→ **Your task**: The lines from the start of the data through the line with "using sums_mult[OF geometric_sums[of" are to be returned verbatim; all later lines are to be omitted.

=-=-=

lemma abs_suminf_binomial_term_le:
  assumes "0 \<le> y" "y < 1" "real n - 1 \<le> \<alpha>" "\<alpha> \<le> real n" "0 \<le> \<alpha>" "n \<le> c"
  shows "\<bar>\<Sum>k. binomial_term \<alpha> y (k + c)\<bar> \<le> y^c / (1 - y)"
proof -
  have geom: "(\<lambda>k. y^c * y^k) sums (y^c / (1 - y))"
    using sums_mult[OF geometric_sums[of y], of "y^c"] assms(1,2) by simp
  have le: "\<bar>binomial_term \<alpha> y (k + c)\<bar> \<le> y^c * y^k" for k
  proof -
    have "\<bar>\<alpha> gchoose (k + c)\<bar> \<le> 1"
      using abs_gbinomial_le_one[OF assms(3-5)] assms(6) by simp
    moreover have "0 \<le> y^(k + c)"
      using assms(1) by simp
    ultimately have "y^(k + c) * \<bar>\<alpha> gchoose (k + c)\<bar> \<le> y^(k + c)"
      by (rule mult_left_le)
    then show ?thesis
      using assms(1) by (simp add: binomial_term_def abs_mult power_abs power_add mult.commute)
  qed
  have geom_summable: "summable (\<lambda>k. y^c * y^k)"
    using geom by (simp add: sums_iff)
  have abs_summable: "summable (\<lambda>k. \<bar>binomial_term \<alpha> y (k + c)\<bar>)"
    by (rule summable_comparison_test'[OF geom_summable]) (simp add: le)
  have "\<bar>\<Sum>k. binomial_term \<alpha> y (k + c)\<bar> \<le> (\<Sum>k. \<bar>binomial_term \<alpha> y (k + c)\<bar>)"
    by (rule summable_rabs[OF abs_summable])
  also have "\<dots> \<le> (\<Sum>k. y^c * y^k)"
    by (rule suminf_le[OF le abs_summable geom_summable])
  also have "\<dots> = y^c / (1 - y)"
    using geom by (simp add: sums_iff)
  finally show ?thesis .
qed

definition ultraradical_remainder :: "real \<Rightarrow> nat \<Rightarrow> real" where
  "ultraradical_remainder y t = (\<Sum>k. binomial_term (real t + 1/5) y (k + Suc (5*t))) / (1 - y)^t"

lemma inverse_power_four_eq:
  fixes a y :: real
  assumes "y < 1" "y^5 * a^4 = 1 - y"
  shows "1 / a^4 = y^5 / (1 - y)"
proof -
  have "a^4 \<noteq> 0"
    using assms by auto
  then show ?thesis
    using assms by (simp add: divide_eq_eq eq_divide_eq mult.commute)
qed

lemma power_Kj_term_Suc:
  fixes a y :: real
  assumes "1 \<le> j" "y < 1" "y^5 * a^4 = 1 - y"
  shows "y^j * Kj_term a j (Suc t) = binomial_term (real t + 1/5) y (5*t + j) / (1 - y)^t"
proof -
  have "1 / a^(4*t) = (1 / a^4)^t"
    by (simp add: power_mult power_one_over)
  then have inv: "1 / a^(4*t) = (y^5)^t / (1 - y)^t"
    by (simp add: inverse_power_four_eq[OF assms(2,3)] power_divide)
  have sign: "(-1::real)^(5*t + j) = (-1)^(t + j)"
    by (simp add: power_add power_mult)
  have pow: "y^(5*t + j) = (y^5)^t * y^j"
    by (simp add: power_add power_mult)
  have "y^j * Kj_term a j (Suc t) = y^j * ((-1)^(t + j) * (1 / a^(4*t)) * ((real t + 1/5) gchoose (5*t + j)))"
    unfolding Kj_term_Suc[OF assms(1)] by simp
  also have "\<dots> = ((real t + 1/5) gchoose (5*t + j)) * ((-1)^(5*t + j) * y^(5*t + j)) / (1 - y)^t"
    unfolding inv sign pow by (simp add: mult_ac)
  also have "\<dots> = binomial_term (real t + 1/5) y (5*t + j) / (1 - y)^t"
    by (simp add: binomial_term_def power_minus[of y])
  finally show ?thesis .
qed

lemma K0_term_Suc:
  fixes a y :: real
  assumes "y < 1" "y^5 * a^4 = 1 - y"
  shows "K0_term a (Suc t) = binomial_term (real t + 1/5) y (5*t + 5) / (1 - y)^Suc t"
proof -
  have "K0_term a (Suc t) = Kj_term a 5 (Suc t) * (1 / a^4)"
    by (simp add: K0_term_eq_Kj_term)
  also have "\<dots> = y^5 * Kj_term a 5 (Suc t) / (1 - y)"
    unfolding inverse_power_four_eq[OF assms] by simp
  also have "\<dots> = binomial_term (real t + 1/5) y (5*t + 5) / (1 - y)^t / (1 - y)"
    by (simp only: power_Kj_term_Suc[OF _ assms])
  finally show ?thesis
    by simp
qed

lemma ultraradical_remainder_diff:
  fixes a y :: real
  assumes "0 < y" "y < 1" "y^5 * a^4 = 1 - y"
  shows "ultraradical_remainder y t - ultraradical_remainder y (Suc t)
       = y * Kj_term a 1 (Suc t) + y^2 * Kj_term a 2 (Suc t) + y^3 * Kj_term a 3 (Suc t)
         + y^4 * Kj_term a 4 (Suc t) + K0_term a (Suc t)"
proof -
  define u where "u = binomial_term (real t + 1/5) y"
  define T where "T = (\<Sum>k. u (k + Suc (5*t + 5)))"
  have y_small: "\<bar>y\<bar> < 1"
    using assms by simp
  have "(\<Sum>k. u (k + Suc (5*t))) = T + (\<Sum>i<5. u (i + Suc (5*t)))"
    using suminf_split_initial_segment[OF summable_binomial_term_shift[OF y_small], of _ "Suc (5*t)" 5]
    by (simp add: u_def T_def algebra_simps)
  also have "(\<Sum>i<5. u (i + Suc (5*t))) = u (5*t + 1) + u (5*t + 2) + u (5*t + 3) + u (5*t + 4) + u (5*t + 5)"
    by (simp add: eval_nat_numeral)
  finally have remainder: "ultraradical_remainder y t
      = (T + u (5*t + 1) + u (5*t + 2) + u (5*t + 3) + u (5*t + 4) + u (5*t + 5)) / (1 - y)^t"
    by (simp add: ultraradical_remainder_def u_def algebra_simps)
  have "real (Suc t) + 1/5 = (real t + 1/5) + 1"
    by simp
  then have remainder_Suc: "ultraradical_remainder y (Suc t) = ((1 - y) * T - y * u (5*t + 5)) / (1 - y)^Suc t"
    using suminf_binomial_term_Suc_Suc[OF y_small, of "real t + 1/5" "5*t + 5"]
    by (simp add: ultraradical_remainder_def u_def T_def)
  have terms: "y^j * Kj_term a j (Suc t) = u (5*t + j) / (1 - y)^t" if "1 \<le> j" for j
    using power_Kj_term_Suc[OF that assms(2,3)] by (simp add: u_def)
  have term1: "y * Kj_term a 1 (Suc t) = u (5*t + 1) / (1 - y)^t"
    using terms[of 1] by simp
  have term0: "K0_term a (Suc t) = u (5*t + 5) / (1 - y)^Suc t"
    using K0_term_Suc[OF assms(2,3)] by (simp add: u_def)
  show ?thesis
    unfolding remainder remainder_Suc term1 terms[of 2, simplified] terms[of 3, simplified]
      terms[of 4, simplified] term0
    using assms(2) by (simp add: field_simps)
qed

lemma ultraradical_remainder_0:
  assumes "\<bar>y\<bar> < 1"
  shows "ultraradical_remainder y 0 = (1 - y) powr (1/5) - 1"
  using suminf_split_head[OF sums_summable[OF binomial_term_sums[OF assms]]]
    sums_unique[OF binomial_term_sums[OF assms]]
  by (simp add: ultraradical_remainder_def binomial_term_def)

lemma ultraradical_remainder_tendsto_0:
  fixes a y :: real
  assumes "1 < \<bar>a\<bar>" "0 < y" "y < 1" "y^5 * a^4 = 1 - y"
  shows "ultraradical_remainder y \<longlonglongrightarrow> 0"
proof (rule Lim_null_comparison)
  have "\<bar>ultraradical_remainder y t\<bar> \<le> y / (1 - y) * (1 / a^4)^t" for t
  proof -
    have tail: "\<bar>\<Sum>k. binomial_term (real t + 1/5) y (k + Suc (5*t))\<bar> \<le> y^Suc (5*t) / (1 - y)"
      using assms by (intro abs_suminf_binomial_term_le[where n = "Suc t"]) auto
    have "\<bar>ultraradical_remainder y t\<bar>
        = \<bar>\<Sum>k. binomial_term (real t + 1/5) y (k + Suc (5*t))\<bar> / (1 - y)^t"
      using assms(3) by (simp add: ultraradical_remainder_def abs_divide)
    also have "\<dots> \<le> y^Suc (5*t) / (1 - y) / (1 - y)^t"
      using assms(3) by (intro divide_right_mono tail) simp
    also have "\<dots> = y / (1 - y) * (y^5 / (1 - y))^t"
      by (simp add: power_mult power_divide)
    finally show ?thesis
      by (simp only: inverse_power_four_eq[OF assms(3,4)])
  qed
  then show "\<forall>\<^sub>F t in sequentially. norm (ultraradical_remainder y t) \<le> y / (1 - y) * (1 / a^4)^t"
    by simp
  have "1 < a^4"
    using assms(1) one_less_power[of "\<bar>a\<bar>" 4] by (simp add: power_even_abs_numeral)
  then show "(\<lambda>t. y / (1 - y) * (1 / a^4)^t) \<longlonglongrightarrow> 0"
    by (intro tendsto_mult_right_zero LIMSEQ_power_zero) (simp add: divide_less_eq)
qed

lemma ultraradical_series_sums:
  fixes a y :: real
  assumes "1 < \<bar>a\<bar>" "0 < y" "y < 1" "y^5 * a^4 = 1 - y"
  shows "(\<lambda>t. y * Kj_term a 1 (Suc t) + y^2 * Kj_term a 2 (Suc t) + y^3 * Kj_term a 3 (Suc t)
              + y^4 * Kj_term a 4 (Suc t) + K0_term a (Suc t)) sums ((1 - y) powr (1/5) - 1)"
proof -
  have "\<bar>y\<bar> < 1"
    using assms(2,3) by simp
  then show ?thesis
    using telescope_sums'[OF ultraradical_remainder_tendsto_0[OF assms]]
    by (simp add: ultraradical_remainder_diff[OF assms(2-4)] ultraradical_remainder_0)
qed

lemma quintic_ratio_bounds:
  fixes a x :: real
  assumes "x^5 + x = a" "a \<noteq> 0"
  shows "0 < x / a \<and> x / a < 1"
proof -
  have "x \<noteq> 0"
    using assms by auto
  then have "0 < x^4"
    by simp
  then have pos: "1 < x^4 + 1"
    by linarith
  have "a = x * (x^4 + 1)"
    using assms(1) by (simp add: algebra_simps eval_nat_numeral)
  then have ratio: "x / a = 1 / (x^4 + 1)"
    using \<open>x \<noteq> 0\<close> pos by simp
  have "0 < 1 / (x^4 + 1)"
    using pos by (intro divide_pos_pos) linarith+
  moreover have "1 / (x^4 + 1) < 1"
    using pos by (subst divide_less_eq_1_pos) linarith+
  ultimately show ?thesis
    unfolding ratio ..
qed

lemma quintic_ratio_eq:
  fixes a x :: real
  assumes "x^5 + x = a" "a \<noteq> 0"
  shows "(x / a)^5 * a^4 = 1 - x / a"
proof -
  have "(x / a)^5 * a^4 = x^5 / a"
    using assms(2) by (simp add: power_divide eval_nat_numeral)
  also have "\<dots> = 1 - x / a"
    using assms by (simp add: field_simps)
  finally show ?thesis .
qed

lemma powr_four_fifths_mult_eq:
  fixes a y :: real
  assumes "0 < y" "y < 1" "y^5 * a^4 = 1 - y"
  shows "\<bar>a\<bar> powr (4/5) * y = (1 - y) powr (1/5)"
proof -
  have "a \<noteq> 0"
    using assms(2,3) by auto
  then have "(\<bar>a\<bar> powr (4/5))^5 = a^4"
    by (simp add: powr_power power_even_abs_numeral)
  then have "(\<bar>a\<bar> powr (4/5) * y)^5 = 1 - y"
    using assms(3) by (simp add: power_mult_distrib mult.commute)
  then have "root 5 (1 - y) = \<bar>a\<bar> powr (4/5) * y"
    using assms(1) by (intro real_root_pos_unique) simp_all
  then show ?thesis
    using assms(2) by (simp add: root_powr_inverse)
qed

=-=-=

→ **Task output**:
lemma abs_suminf_binomial_term_le:
  assumes "0 \<le> y" "y < 1" "real n - 1 \<le> \<alpha>" "\<alpha> \<le> real n" "0 \<le> \<alpha>" "n \<le> c"
  shows "\<bar>\<Sum>k. binomial_term \<alpha> y (k + c)\<bar> \<le> y^c / (1 - y)"
proof -
  have geom: "(\<lambda>k. y^c * y^k) sums (y^c / (1 - y))"
    using sums_mult[OF geometric_sums[of y], of "y^c"] assms(1,2) by simp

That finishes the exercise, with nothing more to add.